Ethical structures for AI are emerging in resource-constrained settings, with a focus on local data governance, algorithm transparency, and equity. The Path Digital Square Initiative has developed evaluation tools for AI applications in LMICs, which assess both technical performance and suitability for integration with health systems.
Low-cost sensors and wearable equipment are capable of significant signals and distance monitoring of disease management, especially for chronic conditions such as diabetes and high blood pressure. These technologies can reduce the requirement of in-tradition visit and enable continuous monitoring. Adaptation for LMIC references focus on strength, durability and low-power operations. In Nigeria, the Ubenwa app converts the smartphone into clinical devices in clinical devices for birth, using the microphone of the phone to analyse the baby’s cry. In India, biosens’s touchb device enables the cost of laboratory test to screening anaemia without traditional blood draw in one-tenth place. Implementation models usually combine tools with human assistance systems. Add a low-cost glucometer with Cambodia’s Mopotsio Diabetes Program Peer Educator Network and SMS reporting. This human-in-loop approach addresses both technical and psychological aspects of chronic disease management. Power and connectivity obstacles are being addressed through new approaches. The University of Lagos has developed solar energy-powered important sign monitors for maternal health that can store data for weeks between synchronization. In rural Peru, Aries Network enables village-level connectivity to medical IOT devices without the need for cellular coverage in each house.
Mhealth offers an important opportunity to change healthcare delivery in LMICS. While challenges remain, potential benefits in terms of better access, quality and efficiency make MHEALTH a meaningful investment. By addressing the major obstacles and adopting colleagues, evidence-based approaches, stakeholders can use mobile technology power to advance healthcare in resource-granting settings. The Covid-19 epidemic has accelerated the adoption of digital health, creating new pace for MHEALTH initiative worldwide. Health systems investing in digital infrastructure demonstrated more flexibility during the crisis. In India, Aarogya Setu Contact Anurekhan app reached over 100 million users in record time, built on existing digital recognition systems. At Ghana, the National Health Insurance Mobile Renewal Forum processed more than 70% of all renewal during the lockdown period, maintained financial security for the weaker population.

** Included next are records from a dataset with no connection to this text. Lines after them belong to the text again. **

(* Let $H=\{\cdot\mid 1\}$ and let $\mathcal{U}=\mathcal{D}(H)$. Then $H\equiv_\mathcal{U}0$.
   Context: Games are finite partizan games; $1=\{0\mid\cdot\}$, and $\{\cdot\mid 1\}$ is the game with no Left option and sole Right option $1$. $o(G)$ is the misère outcome class (ordered $\mathscr{L}>\mathscr{N}>\mathscr{R}$, $\mathscr{L}>\mathscr{P}>\mathscr{R}$). A universe is a set of games closed under options, disjunctive sums, conjugates, and forming $\{\mathscr{G}^L\mid\mathscr{G}^R\}$ from nonempty finite subsets of it; $\mathcal{D}(\mathcal{A})$ is the smallest universe containing $\mathcal{A}$. $G\equiv_\mathcal{U}H$ means $o(G+X)=o(H+X)$ for all $X\in\mathcal{U}$. *)

theory Defs
  imports Main "HOL-Library.FSet"
begin

datatype game = Game (lopts: "game fset") (ropts: "game fset")

definition zero :: game where "zero = Game {||} {||}"
definition one :: game where "one = Game {|zero|} {||}"

primrec conj :: "game \<Rightarrow> game" where
  "conj (Game L R) = Game (fimage conj R) (fimage conj L)"

lemma size_lopt: "x |\<in>| L \<Longrightarrow> size x < size (Game L R)"
  by (induction L) (auto simp: size_fset_simps)

lemma size_ropt: "x |\<in>| R \<Longrightarrow> size x < size (Game L R)"
  by (induction R) (auto simp: size_fset_simps)

function gsum :: "game \<Rightarrow> game \<Rightarrow> game" where
  "gsum (Game GL GR) (Game HL HR) =
     Game ((\<lambda>x. gsum x (Game HL HR)) |`| GL |\<union>| (\<lambda>y. gsum (Game GL GR) y) |`| HL)
          ((\<lambda>x. gsum x (Game HL HR)) |`| GR |\<union>| (\<lambda>y. gsum (Game GL GR) y) |`| HR)"
  by pat_completeness auto
termination
  by (relation "measure (\<lambda>(g, h). size g + size h)")
     (auto dest: size_lopt size_ropt)

text \<open>Misere play: a player with no move available wins.
  \<open>first_wins G = (l, r)\<close>: l says Left wins G moving first, r says Right wins G moving first.\<close>
primrec first_wins :: "game \<Rightarrow> bool \<times> bool" where
  "first_wins (Game L R) =
     (L = {||} \<or> (\<exists>p \<in> fset (fimage first_wins L). \<not> snd p),
      R = {||} \<or> (\<exists>p \<in> fset (fimage first_wins R). \<not> fst p))"

datatype outcome = OutL | OutN | OutP | OutR

definition misere_outcome :: "game \<Rightarrow> outcome" where
  "misere_outcome G =
     (case first_wins G of
        (True, False) \<Rightarrow> OutL
      | (True, True) \<Rightarrow> OutN
      | (False, False) \<Rightarrow> OutP
      | (False, True) \<Rightarrow> OutR)"

definition universe :: "game set \<Rightarrow> bool" where
  "universe U \<longleftrightarrow>
     (\<forall>G \<in> U. fset (lopts G) \<subseteq> U \<and> fset (ropts G) \<subseteq> U) \<and>
     (\<forall>G \<in> U. \<forall>H \<in> U. gsum G H \<in> U) \<and>
     (\<forall>G \<in> U. conj G \<in> U) \<and>
     (\<forall>A B. A \<noteq> {||} \<longrightarrow> B \<noteq> {||} \<longrightarrow> fset A \<subseteq> U \<longrightarrow> fset B \<subseteq> U \<longrightarrow> Game A B \<in> U)"

definition univ_closure :: "game set \<Rightarrow> game set" where
  "univ_closure A = \<Inter> {U. universe U \<and> A \<subseteq> U}"

definition equiv_mod :: "game set \<Rightarrow> game \<Rightarrow> game \<Rightarrow> bool" where
  "equiv_mod U G H \<longleftrightarrow> (\<forall>X \<in> U. misere_outcome (gsum G X) = misere_outcome (gsum H X))"

end

theory Submission
  imports Defs
begin

text \<open>In \<open>H + X\<close> Left has no move in \<open>H\<close>, while Right gains the extra move to \<open>1 + X\<close>.
  If Left, moving first, loses \<open>1 + X\<close>, then in particular Right wins \<open>X\<close> moving first
  (Left may play \<open>1 \<rightarrow> 0\<close>), so the extra move never creates a win for Right; and it is
  the only move Right has when \<open>X\<close> is a Right end. Hence, by induction on \<open>X\<close>, \<open>H + X\<close>
  and \<open>X\<close> have the same outcome provided every Right end \<open>E\<close> among the subpositions of
  \<open>X\<close> is strong: Right can answer each Left move in \<open>E\<close> by returning to a strong Right end,
  which makes Left lose \<open>1 + E\<close>. The games all of whose Right ends and (mirrored) Left
  ends are strong form a universe containing \<open>H\<close>, so they include all of \<open>\<D>(H)\<close>.\<close>
lemma lopts_gsum: "lopts (gsum G K) = (\<lambda>x. gsum x K) |`| lopts G |\<union>| gsum G |`| lopts K"
  by (cases G; cases K) simp

lemma ropts_gsum: "ropts (gsum G K) = (\<lambda>x. gsum x K) |`| ropts G |\<union>| gsum G |`| ropts K"
  by (cases G; cases K) simp

lemma lopts_conj: "lopts (conj G) = conj |`| ropts G"
  by (cases G) simp

lemma ropts_conj: "ropts (conj G) = conj |`| lopts G"
  by (cases G) simp

lemma first_wins_eq:
  "first_wins G =
     (lopts G = {||} \<or> (\<exists>x. x |\<in>| lopts G \<and> \<not> snd (first_wins x)),
      ropts G = {||} \<or> (\<exists>x. x |\<in>| ropts G \<and> \<not> fst (first_wins x)))"
  by (cases G) auto

lemma size_lopts_less: "x |\<in>| lopts G \<Longrightarrow> size x < size G"
  by (cases G) (auto dest: size_lopt)

lemma size_ropts_less: "x |\<in>| ropts G \<Longrightarrow> size x < size G"
  by (cases G) (auto dest: size_ropt)

lemma gsum_zero_left: "gsum zero X = X"
  by (induction X) (auto simp: zero_def intro!: fset.map_ident_strong)

lemma gsum_commute: "gsum G K = gsum K G"
proof (induction G K rule: gsum.induct)
  case (1 GL GR HL HR)
  then show ?case by (auto intro!: fset.map_cong0 simp: funion_commute)
qed

lemma conj_conj: "conj (conj G) = G"
  by (induction G) (auto intro!: fset.map_ident_strong)

lemma conj_gsum: "conj (gsum G K) = gsum (conj G) (conj K)"
proof (induction G K rule: gsum.induct)
  case (1 GL GR HL HR)
  then show ?case by (simp add: fimage_funion comp_def cong: fset.map_cong)
qed

lemma options_zero: "lopts zero = {||}" "ropts zero = {||}"
  by (simp_all add: zero_def)

lemma options_one: "lopts one = {|zero|}" "ropts one = {||}"
  by (simp_all add: one_def)

lemma conj_zero: "conj zero = zero"
  by (simp add: zero_def)

lemma lopts_gsum_one: "lopts (gsum one G) = finsert G (gsum one |`| lopts G)"
  by (simp add: lopts_gsum options_one gsum_zero_left)

lemma ropts_gsum_one: "ropts (gsum one G) = gsum one |`| ropts G"
  by (simp add: ropts_gsum options_one)

lemma options_gsum_H:
  "lopts (gsum (Game {||} {|one|}) G) = gsum (Game {||} {|one|}) |`| lopts G"
  "ropts (gsum (Game {||} {|one|}) G) =
     finsert (gsum one G) (gsum (Game {||} {|one|}) |`| ropts G)"
  by (simp_all add: lopts_gsum ropts_gsum)

inductive strong_right_end :: "game \<Rightarrow> bool" where
  "ropts X = {||} \<Longrightarrow>
   (\<And>Y. Y |\<in>| lopts X \<Longrightarrow> ropts Y = {||} \<or> (\<exists>Z. Z |\<in>| ropts Y \<and> strong_right_end Z)) \<Longrightarrow>
   strong_right_end X"

lemma strong_right_end_gsum:
  "strong_right_end G \<Longrightarrow> strong_right_end K \<Longrightarrow> strong_right_end (gsum G K)"
proof (induction "size G + size K" arbitrary: G K rule: less_induct)
  case less
  have right_reply: "ropts (gsum Y Q) = {||} \<or> (\<exists>Z. Z |\<in>| ropts (gsum Y Q) \<and> strong_right_end Z)"
    if P: "strong_right_end P" and Q: "strong_right_end Q"
      and size: "size P + size Q = size G + size K" and Y: "Y |\<in>| lopts P" for P Q Y
  proof (cases "ropts Y = {||}")
    case True
    with Q show ?thesis by (auto simp: ropts_gsum elim: strong_right_end.cases)
  next
    case False
    with P Y obtain Z where Z: "Z |\<in>| ropts Y" "strong_right_end Z"
      by (auto elim: strong_right_end.cases)
    from Z(1) Y have "size Z < size P"
      using size_lopts_less size_ropts_less less_trans by blast
    with less size Z Q have "strong_right_end (gsum Z Q)" by auto
    with Z(1) show ?thesis by (auto simp: ropts_gsum)
  qed
  show ?case
  proof (rule strong_right_end.intros)
    show "ropts (gsum G K) = {||}"
      using less.prems by (auto simp: ropts_gsum elim: strong_right_end.cases)
  next
    fix Y assume "Y |\<in>| lopts (gsum G K)"
    moreover have "lopts (gsum G K) = (\<lambda>Y. gsum Y K) |`| lopts G |\<union>| (\<lambda>Y. gsum Y G) |`| lopts K"
      unfolding lopts_gsum by (subst (2) gsum_commute) (simp add: funion_commute)
    ultimately show "ropts Y = {||} \<or> (\<exists>Z. Z |\<in>| ropts Y \<and> strong_right_end Z)"
      using right_reply[of G K] right_reply[of K G] less.prems by auto
  qed
qed

inductive hereditarily_strong_ends :: "game \<Rightarrow> bool" where
  "(ropts X = {||} \<Longrightarrow> strong_right_end X) \<Longrightarrow>
   (lopts X = {||} \<Longrightarrow> strong_right_end (conj X)) \<Longrightarrow>
   (\<And>Y. Y |\<in>| lopts X \<Longrightarrow> hereditarily_strong_ends Y) \<Longrightarrow>
   (\<And>Y. Y |\<in>| ropts X \<Longrightarrow> hereditarily_strong_ends Y) \<Longrightarrow>
   hereditarily_strong_ends X"

lemma hereditarily_strong_ends_gsum:
  "hereditarily_strong_ends G \<Longrightarrow> hereditarily_strong_ends K \<Longrightarrow>
   hereditarily_strong_ends (gsum G K)"
proof (induction "size G + size K" arbitrary: G K rule: less_induct)
  case less
  from less.prems have G: "(ropts G = {||} \<longrightarrow> strong_right_end G) \<and>
      (lopts G = {||} \<longrightarrow> strong_right_end (conj G)) \<and>
      (\<forall>Y. Y |\<in>| lopts G \<or> Y |\<in>| ropts G \<longrightarrow> hereditarily_strong_ends Y)"
    and K: "(ropts K = {||} \<longrightarrow> strong_right_end K) \<and>
      (lopts K = {||} \<longrightarrow> strong_right_end (conj K)) \<and>
      (\<forall>Y. Y |\<in>| lopts K \<or> Y |\<in>| ropts K \<longrightarrow> hereditarily_strong_ends Y)"
    by (auto elim: hereditarily_strong_ends.cases)
  have move_G: "hereditarily_strong_ends (gsum B K)" if "B |\<in>| lopts G \<or> B |\<in>| ropts G" for B
    using that G less.prems(2) less.hyps[of B K] by (auto dest: size_lopts_less size_ropts_less)
  have move_K: "hereditarily_strong_ends (gsum G B)" if "B |\<in>| lopts K \<or> B |\<in>| ropts K" for B
    using that K less.prems(1) less.hyps[of G B] by (auto dest: size_lopts_less size_ropts_less)
  show ?case
  proof (rule hereditarily_strong_ends.intros)
    show "strong_right_end (gsum G K)" if "ropts (gsum G K) = {||}"
      using that G K by (simp add: ropts_gsum strong_right_end_gsum)
    show "strong_right_end (conj (gsum G K))" if "lopts (gsum G K) = {||}"
      using that G K by (simp add: lopts_gsum conj_gsum strong_right_end_gsum)
    show "hereditarily_strong_ends Y" if "Y |\<in>| lopts (gsum G K)" for Y
      using that move_G move_K by (auto simp: lopts_gsum)
    show "hereditarily_strong_ends Y" if "Y |\<in>| ropts (gsum G K)" for Y
      using that move_G move_K by (auto simp: ropts_gsum)
  qed
qed

lemma hereditarily_strong_ends_conj:
  "hereditarily_strong_ends G \<Longrightarrow> hereditarily_strong_ends (conj G)"
proof (induction rule: hereditarily_strong_ends.induct)
  case (1 X)
  show ?case
    by (rule hereditarily_strong_ends.intros)
       (use 1 in \<open>auto simp: lopts_conj ropts_conj conj_conj\<close>)
qed

lemma universe_hereditarily_strong_ends: "universe {G. hereditarily_strong_ends G}"
  unfolding universe_def
proof (intro conjI ballI allI impI)
  fix A B :: "game fset"
  assume "A \<noteq> {||}" "B \<noteq> {||}" "fset A \<subseteq> {G. hereditarily_strong_ends G}"
    "fset B \<subseteq> {G. hereditarily_strong_ends G}"
  then show "Game A B \<in> {G. hereditarily_strong_ends G}"
    by (auto intro!: hereditarily_strong_ends.intros[of "Game A B"])
qed (auto simp: hereditarily_strong_ends_gsum hereditarily_strong_ends_conj
          elim: hereditarily_strong_ends.cases)

lemma strong_right_end_zero: "strong_right_end zero"
  by (rule strong_right_end.intros) (simp_all add: options_zero)

lemma hereditarily_strong_ends_zero: "hereditarily_strong_ends zero"
  by (rule hereditarily_strong_ends.intros)
     (simp_all add: options_zero conj_zero strong_right_end_zero)

lemma hereditarily_strong_ends_one: "hereditarily_strong_ends one"
proof (rule hereditarily_strong_ends.intros)
  show "strong_right_end one"
    by (rule strong_right_end.intros) (simp_all add: options_zero options_one)
qed (simp_all add: options_one hereditarily_strong_ends_zero)

lemma hereditarily_strong_ends_H: "hereditarily_strong_ends (Game {||} {|one|})"
proof (rule hereditarily_strong_ends.intros)
  show "strong_right_end (conj (Game {||} {|one|}))"
    by (rule strong_right_end.intros)
       (auto simp: lopts_conj ropts_conj options_one conj_zero strong_right_end_zero)
qed (simp_all add: hereditarily_strong_ends_one)

lemma univ_closure_H_hereditarily_strong_ends:
  "G \<in> univ_closure {Game {||} {|one|}} \<Longrightarrow> hereditarily_strong_ends G"
  using universe_hereditarily_strong_ends hereditarily_strong_ends_H
  unfolding univ_closure_def by blast

lemma snd_first_wins_if_not_fst_first_wins_gsum_one:
  "\<not> fst (first_wins (gsum one G)) \<Longrightarrow> snd (first_wins G)"
  by (subst (asm) first_wins_eq) (auto simp: lopts_gsum_one)

lemma not_fst_first_wins_gsum_one_if_strong_right_end:
  "strong_right_end G \<Longrightarrow> \<not> fst (first_wins (gsum one G))"
proof (induction rule: strong_right_end.induct)
  case (1 X)
  have "snd (first_wins (gsum one Y))" if Y: "Y |\<in>| lopts X" for Y
  proof (cases "ropts Y = {||}")
    case True
    then show ?thesis by (subst first_wins_eq) (simp add: ropts_gsum_one)
  next
    case False
    with 1 Y obtain Z where "Z |\<in>| ropts Y" "\<not> fst (first_wins (gsum one Z))" by blast
    then show ?thesis by (subst first_wins_eq) (auto simp: ropts_gsum_one)
  qed
  moreover have "snd (first_wins X)"
    using 1 by (subst first_wins_eq) simp
  ultimately show ?case
    by (subst first_wins_eq) (auto simp: lopts_gsum_one)
qed

lemma first_wins_gsum_H:
  "hereditarily_strong_ends G \<Longrightarrow> first_wins (gsum (Game {||} {|one|}) G) = first_wins G"
proof (induction rule: hereditarily_strong_ends.induct)
  case (1 X)
  let ?H = "Game {||} {|one|}"
  have IH_L: "first_wins (gsum ?H Y) = first_wins Y" if "Y |\<in>| lopts X" for Y
    using 1 that by blast
  have IH_R: "first_wins (gsum ?H Y) = first_wins Y" if "Y |\<in>| ropts X" for Y
    using 1 that by blast
  have fst: "fst (first_wins (gsum ?H X)) = fst (first_wins X)"
    using IH_L by (subst (1 2) first_wins_eq) (auto simp: options_gsum_H)
  have "snd (first_wins (gsum ?H X)) \<longleftrightarrow>
      \<not> fst (first_wins (gsum one X)) \<or> (\<exists>Y. Y |\<in>| ropts X \<and> \<not> fst (first_wins Y))"
    using IH_R by (subst first_wins_eq) (auto simp: options_gsum_H)
  moreover have "snd (first_wins X) \<longleftrightarrow>
      ropts X = {||} \<or> (\<exists>Y. Y |\<in>| ropts X \<and> \<not> fst (first_wins Y))"
    by (subst first_wins_eq) simp
  ultimately have "snd (first_wins (gsum ?H X)) = snd (first_wins X)"
    using 1(1) not_fst_first_wins_gsum_one_if_strong_right_end
      snd_first_wins_if_not_fst_first_wins_gsum_one
    by blast
  with fst show ?case
    by (simp add: prod_eq_iff)
qed

theorem mainTheorem18:
  shows "equiv_mod (univ_closure {Game {||} {|one|}}) (Game {||} {|one|}) zero"
  unfolding equiv_mod_def
  by (simp add: gsum_zero_left first_wins_gsum_H univ_closure_H_hereditarily_strong_ends
      misere_outcome_def)

end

Further, the integration of mHealth with comprehensive digital health ecosystems represents the next frontier. Countries like Rwanda are leading extensive outlooks that combine community-level mobile applications with convenience systems, national health insurance platforms and health worker training programs. This integrated approach increases the effect by addressing several health system functions simultaneously. As we move forward, it will be important to realize the full potential of mHealth in advancing universal health coverage, ensuring that these digital solutions promote equity and reach the weakest population. This requires deliberate design options – such as support for local languages, accessible interfaces for persons with disabilities, and penis dynamics in technology access. It also demands professional models that ensure the ability for the poorest users, whether through cross-safety, targeted public financing, or innovative payment mechanisms. The future of MHEALTH in LMICS will probably characterize strong integration with local ownership, more sustainable financing models, and health systems. Thinking of learning and emerging technologies since a decade of implementation experience, mHealth can fulfill its promise as a powerful tool to strengthen the health system in resource-developed settings.